■ **Requirement**:
Give back exactly the stretch of data below from the line holding "u) \<longlonglongrightarrow> L \<and>" through the line holding "s *\<^sub>R u) u\<bar>", both ends included, and leave the remaining lines out.

───── Given data

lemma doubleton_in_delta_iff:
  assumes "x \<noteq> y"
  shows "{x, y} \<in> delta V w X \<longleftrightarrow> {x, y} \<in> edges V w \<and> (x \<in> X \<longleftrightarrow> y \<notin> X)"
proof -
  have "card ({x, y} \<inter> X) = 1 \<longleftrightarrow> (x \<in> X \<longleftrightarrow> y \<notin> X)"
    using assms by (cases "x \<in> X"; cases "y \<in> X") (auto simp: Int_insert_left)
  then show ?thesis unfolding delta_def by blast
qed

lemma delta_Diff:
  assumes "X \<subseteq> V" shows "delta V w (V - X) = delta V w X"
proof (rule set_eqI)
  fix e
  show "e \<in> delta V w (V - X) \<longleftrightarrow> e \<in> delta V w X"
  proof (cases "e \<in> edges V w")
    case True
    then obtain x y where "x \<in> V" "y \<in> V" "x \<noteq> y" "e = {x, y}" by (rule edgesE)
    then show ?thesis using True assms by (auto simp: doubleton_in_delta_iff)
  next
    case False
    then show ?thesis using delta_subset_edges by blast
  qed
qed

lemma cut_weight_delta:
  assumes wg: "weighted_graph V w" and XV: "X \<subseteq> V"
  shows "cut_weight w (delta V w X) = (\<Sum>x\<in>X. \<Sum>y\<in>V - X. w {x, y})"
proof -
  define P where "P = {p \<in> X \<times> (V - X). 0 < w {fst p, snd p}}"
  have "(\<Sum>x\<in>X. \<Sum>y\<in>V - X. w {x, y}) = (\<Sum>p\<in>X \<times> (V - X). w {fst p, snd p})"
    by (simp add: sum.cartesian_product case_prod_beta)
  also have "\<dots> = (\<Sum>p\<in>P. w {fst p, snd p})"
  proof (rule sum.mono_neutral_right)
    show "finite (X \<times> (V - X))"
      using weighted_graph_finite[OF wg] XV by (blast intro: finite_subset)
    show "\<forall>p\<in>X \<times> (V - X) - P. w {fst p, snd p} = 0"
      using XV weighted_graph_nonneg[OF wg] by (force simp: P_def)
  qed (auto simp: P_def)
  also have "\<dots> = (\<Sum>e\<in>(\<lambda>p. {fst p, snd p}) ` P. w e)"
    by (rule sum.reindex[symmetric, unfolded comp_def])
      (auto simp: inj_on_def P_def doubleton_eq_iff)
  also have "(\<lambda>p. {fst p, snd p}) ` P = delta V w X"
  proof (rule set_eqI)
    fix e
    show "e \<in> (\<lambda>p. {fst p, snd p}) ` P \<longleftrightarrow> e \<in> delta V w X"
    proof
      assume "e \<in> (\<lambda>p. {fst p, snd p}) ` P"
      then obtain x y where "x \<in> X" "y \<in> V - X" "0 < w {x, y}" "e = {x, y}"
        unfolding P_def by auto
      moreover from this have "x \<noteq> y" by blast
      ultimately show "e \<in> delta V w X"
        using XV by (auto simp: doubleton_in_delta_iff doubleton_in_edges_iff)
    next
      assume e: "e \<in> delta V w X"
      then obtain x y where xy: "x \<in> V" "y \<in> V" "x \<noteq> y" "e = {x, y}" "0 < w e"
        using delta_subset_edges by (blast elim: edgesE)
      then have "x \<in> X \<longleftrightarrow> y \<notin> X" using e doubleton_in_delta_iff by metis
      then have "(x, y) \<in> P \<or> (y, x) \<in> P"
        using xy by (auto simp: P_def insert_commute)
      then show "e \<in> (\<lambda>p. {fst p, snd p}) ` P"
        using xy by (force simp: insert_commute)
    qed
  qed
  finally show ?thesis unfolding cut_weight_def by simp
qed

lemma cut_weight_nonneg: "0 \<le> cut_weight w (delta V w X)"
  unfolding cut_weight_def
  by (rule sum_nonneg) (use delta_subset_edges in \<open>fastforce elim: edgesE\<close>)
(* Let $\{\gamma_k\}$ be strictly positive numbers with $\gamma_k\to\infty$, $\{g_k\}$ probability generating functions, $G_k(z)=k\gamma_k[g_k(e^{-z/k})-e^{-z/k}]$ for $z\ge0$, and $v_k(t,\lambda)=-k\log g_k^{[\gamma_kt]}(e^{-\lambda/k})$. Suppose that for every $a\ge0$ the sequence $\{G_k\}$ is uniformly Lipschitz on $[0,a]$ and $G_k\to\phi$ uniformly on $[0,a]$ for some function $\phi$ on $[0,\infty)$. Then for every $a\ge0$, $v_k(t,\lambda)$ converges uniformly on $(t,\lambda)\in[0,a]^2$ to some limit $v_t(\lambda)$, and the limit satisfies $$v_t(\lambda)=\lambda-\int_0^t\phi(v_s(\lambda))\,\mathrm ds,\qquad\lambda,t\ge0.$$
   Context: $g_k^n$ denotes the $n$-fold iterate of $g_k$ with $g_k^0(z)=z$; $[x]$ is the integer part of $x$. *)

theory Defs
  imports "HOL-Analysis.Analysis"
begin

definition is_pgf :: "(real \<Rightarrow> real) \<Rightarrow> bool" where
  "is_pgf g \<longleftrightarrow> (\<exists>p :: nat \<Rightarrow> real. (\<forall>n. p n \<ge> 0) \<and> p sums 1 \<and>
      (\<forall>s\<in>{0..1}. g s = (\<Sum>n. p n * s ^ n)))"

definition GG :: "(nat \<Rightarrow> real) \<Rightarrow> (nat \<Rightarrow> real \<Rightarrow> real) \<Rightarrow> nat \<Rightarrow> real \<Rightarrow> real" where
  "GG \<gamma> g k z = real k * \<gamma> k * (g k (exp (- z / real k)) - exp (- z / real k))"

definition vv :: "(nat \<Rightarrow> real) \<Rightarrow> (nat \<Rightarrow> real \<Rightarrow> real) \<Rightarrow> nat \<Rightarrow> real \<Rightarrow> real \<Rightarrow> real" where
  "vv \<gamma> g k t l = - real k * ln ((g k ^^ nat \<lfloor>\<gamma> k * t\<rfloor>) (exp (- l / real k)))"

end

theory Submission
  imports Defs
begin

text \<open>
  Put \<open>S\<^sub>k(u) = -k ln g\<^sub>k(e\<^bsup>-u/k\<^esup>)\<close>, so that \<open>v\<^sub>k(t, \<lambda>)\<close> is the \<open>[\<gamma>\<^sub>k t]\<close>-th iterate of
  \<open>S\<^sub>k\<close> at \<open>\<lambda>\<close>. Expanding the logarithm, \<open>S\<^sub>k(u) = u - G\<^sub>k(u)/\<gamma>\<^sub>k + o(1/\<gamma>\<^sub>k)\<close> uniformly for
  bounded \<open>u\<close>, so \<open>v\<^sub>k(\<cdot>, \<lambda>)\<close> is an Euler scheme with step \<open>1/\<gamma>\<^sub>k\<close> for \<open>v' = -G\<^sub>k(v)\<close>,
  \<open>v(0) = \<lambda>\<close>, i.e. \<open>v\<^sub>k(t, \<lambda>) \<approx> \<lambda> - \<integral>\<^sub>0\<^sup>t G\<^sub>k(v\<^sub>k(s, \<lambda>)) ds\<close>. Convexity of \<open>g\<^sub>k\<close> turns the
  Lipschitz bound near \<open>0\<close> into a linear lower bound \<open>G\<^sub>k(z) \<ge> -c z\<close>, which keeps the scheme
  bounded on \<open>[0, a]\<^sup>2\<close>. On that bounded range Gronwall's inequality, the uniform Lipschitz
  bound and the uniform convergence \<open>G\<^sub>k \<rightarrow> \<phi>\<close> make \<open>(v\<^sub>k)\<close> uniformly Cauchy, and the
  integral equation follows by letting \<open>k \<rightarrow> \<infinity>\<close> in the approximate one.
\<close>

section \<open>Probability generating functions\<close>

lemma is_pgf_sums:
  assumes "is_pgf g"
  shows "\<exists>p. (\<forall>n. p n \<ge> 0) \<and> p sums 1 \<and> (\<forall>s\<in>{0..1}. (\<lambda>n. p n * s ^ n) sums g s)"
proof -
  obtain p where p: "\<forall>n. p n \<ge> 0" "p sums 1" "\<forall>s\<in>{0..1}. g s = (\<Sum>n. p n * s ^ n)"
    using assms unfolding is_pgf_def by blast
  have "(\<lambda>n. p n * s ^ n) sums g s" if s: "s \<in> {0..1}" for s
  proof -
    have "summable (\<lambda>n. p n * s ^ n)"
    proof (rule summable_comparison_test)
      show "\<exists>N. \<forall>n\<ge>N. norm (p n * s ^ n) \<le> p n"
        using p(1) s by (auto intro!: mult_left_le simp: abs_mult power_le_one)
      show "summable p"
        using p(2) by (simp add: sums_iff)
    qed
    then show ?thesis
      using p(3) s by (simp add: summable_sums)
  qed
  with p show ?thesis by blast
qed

──────────
───── Given data

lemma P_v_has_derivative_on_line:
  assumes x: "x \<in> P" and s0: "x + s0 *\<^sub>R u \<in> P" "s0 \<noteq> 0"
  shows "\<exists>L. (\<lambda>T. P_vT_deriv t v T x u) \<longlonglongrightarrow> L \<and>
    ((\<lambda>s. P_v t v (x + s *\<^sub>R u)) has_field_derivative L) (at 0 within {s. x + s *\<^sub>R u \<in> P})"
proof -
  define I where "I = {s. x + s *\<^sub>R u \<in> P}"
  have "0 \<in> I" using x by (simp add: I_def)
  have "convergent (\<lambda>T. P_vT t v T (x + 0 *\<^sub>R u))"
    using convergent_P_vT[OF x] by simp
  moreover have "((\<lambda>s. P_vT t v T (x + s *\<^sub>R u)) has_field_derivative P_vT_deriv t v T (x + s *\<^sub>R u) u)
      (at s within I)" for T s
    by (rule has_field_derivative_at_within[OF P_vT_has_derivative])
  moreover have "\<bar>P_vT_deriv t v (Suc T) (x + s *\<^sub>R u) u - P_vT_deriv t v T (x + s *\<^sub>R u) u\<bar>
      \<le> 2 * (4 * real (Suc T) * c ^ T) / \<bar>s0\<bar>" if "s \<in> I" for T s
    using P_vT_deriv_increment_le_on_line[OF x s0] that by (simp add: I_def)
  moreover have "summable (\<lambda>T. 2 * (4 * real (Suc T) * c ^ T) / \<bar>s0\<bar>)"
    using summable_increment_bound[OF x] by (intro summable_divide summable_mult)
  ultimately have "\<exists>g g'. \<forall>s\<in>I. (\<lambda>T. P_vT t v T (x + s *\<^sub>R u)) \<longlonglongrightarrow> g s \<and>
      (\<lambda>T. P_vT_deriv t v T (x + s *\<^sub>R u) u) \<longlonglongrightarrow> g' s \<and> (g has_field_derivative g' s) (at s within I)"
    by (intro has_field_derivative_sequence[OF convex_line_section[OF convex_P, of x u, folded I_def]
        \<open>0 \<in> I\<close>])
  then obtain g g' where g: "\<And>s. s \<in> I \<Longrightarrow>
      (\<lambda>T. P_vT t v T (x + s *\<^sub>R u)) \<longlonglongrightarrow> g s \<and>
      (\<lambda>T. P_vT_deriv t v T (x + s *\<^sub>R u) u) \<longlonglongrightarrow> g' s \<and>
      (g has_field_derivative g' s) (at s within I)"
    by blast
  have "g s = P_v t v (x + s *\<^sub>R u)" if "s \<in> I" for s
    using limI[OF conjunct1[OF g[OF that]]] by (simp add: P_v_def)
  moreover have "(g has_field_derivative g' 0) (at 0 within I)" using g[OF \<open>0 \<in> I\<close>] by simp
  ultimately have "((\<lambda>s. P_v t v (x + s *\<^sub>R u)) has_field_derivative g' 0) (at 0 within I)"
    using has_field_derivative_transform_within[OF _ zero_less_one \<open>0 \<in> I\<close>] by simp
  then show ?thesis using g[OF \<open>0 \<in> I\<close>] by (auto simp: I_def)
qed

──────────

■ **Answer to the problem**:
  shows "\<exists>L. (\<lambda>T. P_vT_deriv t v T x u) \<longlonglongrightarrow> L \<and>
    ((\<lambda>s. P_v t v (x + s *\<^sub>R u)) has_field_derivative L) (at 0 within {s. x + s *\<^sub>R u \<in> P})"
proof -
  define I where "I = {s. x + s *\<^sub>R u \<in> P}"
  have "0 \<in> I" using x by (simp add: I_def)
  have "convergent (\<lambda>T. P_vT t v T (x + 0 *\<^sub>R u))"
    using convergent_P_vT[OF x] by simp
  moreover have "((\<lambda>s. P_vT t v T (x + s *\<^sub>R u)) has_field_derivative P_vT_deriv t v T (x + s *\<^sub>R u) u)
      (at s within I)" for T s
    by (rule has_field_derivative_at_within[OF P_vT_has_derivative])
  moreover have "\<bar>P_vT_deriv t v (Suc T) (x + s *\<^sub>R u) u - P_vT_deriv t v T (x + s *\<^sub>R u) u\<bar>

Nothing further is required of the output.